Stored data:
===============

(* Let $(M,d)$ be a compact metric space, $\varphi:M\to M$ continuous, and let $f\in B(M)$ be such that for some fixed $n\ge1$, $\epsilon>0$, $\alpha\ge0$, $$\sup_{x\in M}\sup_{y\in B_n(x,\epsilon)}|f(y)-f(x)|\le\alpha.$$ Then there exists a continuous function $g:M\to\mathbb R$ with $\|f-g\|_\infty\le\alpha$.
   Context: $B(M)$: bounded Borel real functions, $\|f\|_\infty=\sup|f|$; $B_n(x,\epsilon)=\{y\in M:d(\varphi^k(y),\varphi^k(x))<\epsilon,\ 0\le k\le n-1\}$. *)

theory Defs
  imports "HOL-Analysis.Analysis"
begin

definition bowen_ball :: "('a::metric_space \<Rightarrow> 'a) \<Rightarrow> 'a set \<Rightarrow> nat \<Rightarrow> 'a \<Rightarrow> real \<Rightarrow> 'a set" where
  "bowen_ball \<phi> M n x \<epsilon> = {y \<in> M. \<forall>k<n. dist ((\<phi> ^^ k) y) ((\<phi> ^^ k) x) < \<epsilon>}"

end

theory Submission
  imports Defs
begin

text \<open>For every centre \<open>c\<close> the product of the hat functions
  \<open>max 0 (\<epsilon> - dist (\<phi>\<^sup>k y) (\<phi>\<^sup>k c))\<close>, \<open>k < n\<close>, is a continuous bump that is positive exactly
  on the Bowen ball \<open>B\<^sub>n(c,\<epsilon>)\<close>. By compactness finitely many of these balls cover \<open>M\<close>,
  and the average of the values \<open>f c\<close> weighted by the bumps is a continuous function.
  At every point \<open>x\<close> only centres \<open>c\<close> with \<open>x \<in> B\<^sub>n(c,\<epsilon>)\<close> contribute, and for those
  \<open>\<bar>f x - f c\<bar> \<le> \<alpha>\<close>, so the average stays within \<open>\<alpha>\<close> of \<open>f x\<close>.\<close>

lemma funpow_image_subset:
  assumes "\<phi> ` M \<subseteq> M"
  shows "(\<phi> ^^ k) ` M \<subseteq> M"
  by (induction k) (use assms in auto)

lemma continuous_on_funpow:
  assumes "continuous_on M \<phi>" "\<phi> ` M \<subseteq> M"
  shows "continuous_on M (\<phi> ^^ k)"
proof (induction k)
  case 0
  then show ?case by simp
next
  case (Suc k)
  have "continuous_on M (\<phi> \<circ> (\<phi> ^^ k))"
    using continuous_on_compose[OF Suc.IH]
      continuous_on_subset[OF assms(1) funpow_image_subset[OF assms(2)]] by blast
  then show ?case by simp
qed

lemma finite_subcover_of_positivity:
  fixes \<psi> :: "'i \<Rightarrow> 'a::topological_space \<Rightarrow> real"
  assumes "compact M"
    and "\<And>c. c \<in> I \<Longrightarrow> continuous_on M (\<psi> c)"
    and "\<And>y. y \<in> M \<Longrightarrow> \<exists>c\<in>I. \<psi> c y > 0"
  obtains C where "C \<subseteq> I" "finite C" "\<And>y. y \<in> M \<Longrightarrow> \<exists>c\<in>C. \<psi> c y > 0"
proof -
  have "\<exists>A. open A \<and> A \<inter> M = \<psi> c -` {0<..} \<inter> M" if "c \<in> I" for c
    using assms(2)[OF that, unfolded continuous_on_open_invariant, rule_format, OF open_greaterThan] .
  then obtain A where A: "\<And>c. c \<in> I \<Longrightarrow> open (A c) \<and> A c \<inter> M = \<psi> c -` {0<..} \<inter> M"
    by metis
  have A_iff: "y \<in> A c \<longleftrightarrow> \<psi> c y > 0" if "c \<in> I" "y \<in> M" for c y
    using A[OF that(1)] that(2) by blast
  have "M \<subseteq> (\<Union>c\<in>I. A c)"
    using A_iff assms(3) by blast
  then obtain C where C: "C \<subseteq> I" "finite C" "M \<subseteq> (\<Union>c\<in>C. A c)"
    using compactE_image[OF assms(1), of I A] A by metis
  have "\<exists>c\<in>C. \<psi> c y > 0" if "y \<in> M" for y
  proof -
    from C(3) that obtain c where "c \<in> C" "y \<in> A c" by blast
    then show ?thesis
      using A_iff C(1) that by blast
  qed
  with C(1,2) show ?thesis by (rule that)
qed

lemma continuous_weighted_average_approx:
  fixes \<psi> :: "'i \<Rightarrow> 'a::topological_space \<Rightarrow> real" and f :: "'a \<Rightarrow> real" and v :: "'i \<Rightarrow> real"
  assumes "finite C"
    and cont: "\<And>c. c \<in> C \<Longrightarrow> continuous_on M (\<psi> c)"
    and nonneg: "\<And>c y. c \<in> C \<Longrightarrow> y \<in> M \<Longrightarrow> \<psi> c y \<ge> 0"
    and cover: "\<And>y. y \<in> M \<Longrightarrow> \<exists>c\<in>C. \<psi> c y > 0"
    and close: "\<And>c y. c \<in> C \<Longrightarrow> y \<in> M \<Longrightarrow> \<psi> c y > 0 \<Longrightarrow> \<bar>f y - v c\<bar> \<le> \<alpha>"
  shows "\<exists>g. continuous_on M g \<and> (\<forall>y\<in>M. \<bar>f y - g y\<bar> \<le> \<alpha>)"
proof -
  define S where "S y = (\<Sum>c\<in>C. \<psi> c y)" for y
  define g where "g y = (\<Sum>c\<in>C. \<psi> c y * v c) / S y" for y
  have S_pos: "S y > 0" if "y \<in> M" for y
  proof -
    from cover[OF that] obtain c where c: "c \<in> C" "\<psi> c y > 0" ..
    have "\<psi> c y \<le> S y"
      unfolding S_def using \<open>finite C\<close> c(1) nonneg that by (intro member_le_sum) auto
    with c(2) show ?thesis by simp
  qed
  have "continuous_on M S"
    unfolding S_def using cont by (intro continuous_intros)
  then have "continuous_on M g"
    unfolding g_def using cont S_pos by (intro continuous_intros) fastforce+
  moreover have "\<bar>f y - g y\<bar> \<le> \<alpha>" if y: "y \<in> M" for y
  proof -
    have "(\<Sum>c\<in>C. \<psi> c y * (f y - v c)) = f y * S y - (\<Sum>c\<in>C. \<psi> c y * v c)"
      unfolding S_def by (simp add: right_diff_distrib sum_subtractf sum_distrib_left mult.commute)
    then have "f y - g y = (\<Sum>c\<in>C. \<psi> c y * (f y - v c)) / S y"
      using S_pos[OF y] by (simp add: g_def diff_divide_distrib)
    then have "\<bar>f y - g y\<bar> = \<bar>\<Sum>c\<in>C. \<psi> c y * (f y - v c)\<bar> / S y"
      using S_pos[OF y] by simp
    also have "\<dots> \<le> (\<Sum>c\<in>C. \<psi> c y * \<alpha>) / S y"
    proof (intro divide_right_mono order.trans[OF sum_abs] sum_mono)
      fix c assume c: "c \<in> C"
      show "\<bar>\<psi> c y * (f y - v c)\<bar> \<le> \<psi> c y * \<alpha>"
      proof (cases "\<psi> c y > 0")
        case True
        then show ?thesis
          using close[OF c y] by (simp add: abs_mult mult_left_mono)
      next
        case False
        then show ?thesis using nonneg[OF c y] by simp
      qed
    qed (use S_pos[OF y] in auto)
    also have "\<dots> = \<alpha>"
      using S_pos[OF y] unfolding S_def by (simp add: sum_distrib_right[symmetric])
    finally show ?thesis .
  qed
  ultimately show ?thesis by blast
qed

definition bowen_bump :: "('a::metric_space \<Rightarrow> 'a) \<Rightarrow> nat \<Rightarrow> real \<Rightarrow> 'a \<Rightarrow> 'a \<Rightarrow> real" where
  "bowen_bump \<phi> n \<epsilon> c y = (\<Prod>k<n. max 0 (\<epsilon> - dist ((\<phi> ^^ k) y) ((\<phi> ^^ k) c)))"

lemma continuous_on_bowen_bump:
  assumes "continuous_on M \<phi>" "\<phi> ` M \<subseteq> M"
  shows "continuous_on M (bowen_bump \<phi> n \<epsilon> c)"
  unfolding bowen_bump_def
  by (intro continuous_intros continuous_on_funpow[OF assms])

lemma bowen_bump_nonneg: "bowen_bump \<phi> n \<epsilon> c y \<ge> 0"
  unfolding bowen_bump_def by (intro prod_nonneg) auto

lemma bowen_bump_pos_iff:
  assumes "y \<in> M"
  shows "bowen_bump \<phi> n \<epsilon> c y > 0 \<longleftrightarrow> y \<in> bowen_ball \<phi> M n c \<epsilon>"
proof
  assume "bowen_bump \<phi> n \<epsilon> c y > 0"
  then have "(\<Prod>k<n. max 0 (\<epsilon> - dist ((\<phi> ^^ k) y) ((\<phi> ^^ k) c))) \<noteq> 0"
    unfolding bowen_bump_def by (rule less_imp_neq[THEN not_sym])
  then have "\<forall>k<n. max 0 (\<epsilon> - dist ((\<phi> ^^ k) y) ((\<phi> ^^ k) c)) \<noteq> 0"
    by simp
  then show "y \<in> bowen_ball \<phi> M n c \<epsilon>"
    using assms by (auto simp: bowen_ball_def max_def split: if_splits)
next
  assume "y \<in> bowen_ball \<phi> M n c \<epsilon>"
  then show "bowen_bump \<phi> n \<epsilon> c y > 0"
    unfolding bowen_bump_def by (intro prod_pos) (auto simp: bowen_ball_def)
qed

theorem lemma6p4:
  fixes M :: "'a::metric_space set" and \<phi> :: "'a \<Rightarrow> 'a" and f :: "'a \<Rightarrow> real"
    and n :: nat and \<epsilon> \<alpha> :: real
  assumes "compact M"
    and "continuous_on M \<phi>" and "\<phi> ` M \<subseteq> M"
    and "f \<in> borel_measurable (restrict_space borel M)" and "bounded (f ` M)"
    and "n \<ge> 1" and "\<epsilon> > 0" and "\<alpha> \<ge> 0"
    and "\<forall>x\<in>M. \<forall>y\<in>bowen_ball \<phi> M n x \<epsilon>. \<bar>f y - f x\<bar> \<le> \<alpha>"
  shows "\<exists>g. continuous_on M g \<and> (\<forall>x\<in>M. \<bar>f x - g x\<bar> \<le> \<alpha>)"
proof -
  let ?\<psi> = "bowen_bump \<phi> n \<epsilon>"
  have cont: "continuous_on M (?\<psi> c)" for c
    using continuous_on_bowen_bump[OF assms(2,3)] .
  have centre: "?\<psi> x x > 0" if "x \<in> M" for x
    using that \<open>\<epsilon> > 0\<close> by (simp add: bowen_bump_pos_iff bowen_ball_def)
  then have cover: "\<exists>c\<in>M. ?\<psi> c y > 0" if "y \<in> M" for y
    using that by blast
  obtain C where C: "C \<subseteq> M" "finite C" "\<And>y. y \<in> M \<Longrightarrow> \<exists>c\<in>C. ?\<psi> c y > 0"
    using finite_subcover_of_positivity[OF assms(1) cont cover] by blast
  show ?thesis
  proof (rule continuous_weighted_average_approx[OF C(2) cont bowen_bump_nonneg C(3)])
    fix c y assume "c \<in> C" "y \<in> M" "?\<psi> c y > 0"
    then have "y \<in> bowen_ball \<phi> M n c \<epsilon>"
      by (simp add: bowen_bump_pos_iff)
    with \<open>c \<in> C\<close> show "\<bar>f y - f c\<bar> \<le> \<alpha>"
      using assms(9) C(1) by blast
  qed
qed

end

===============

*Problem details*
What is the number of lines in the data that hold the string "auto"? Answer with the number only.

*The answer*
6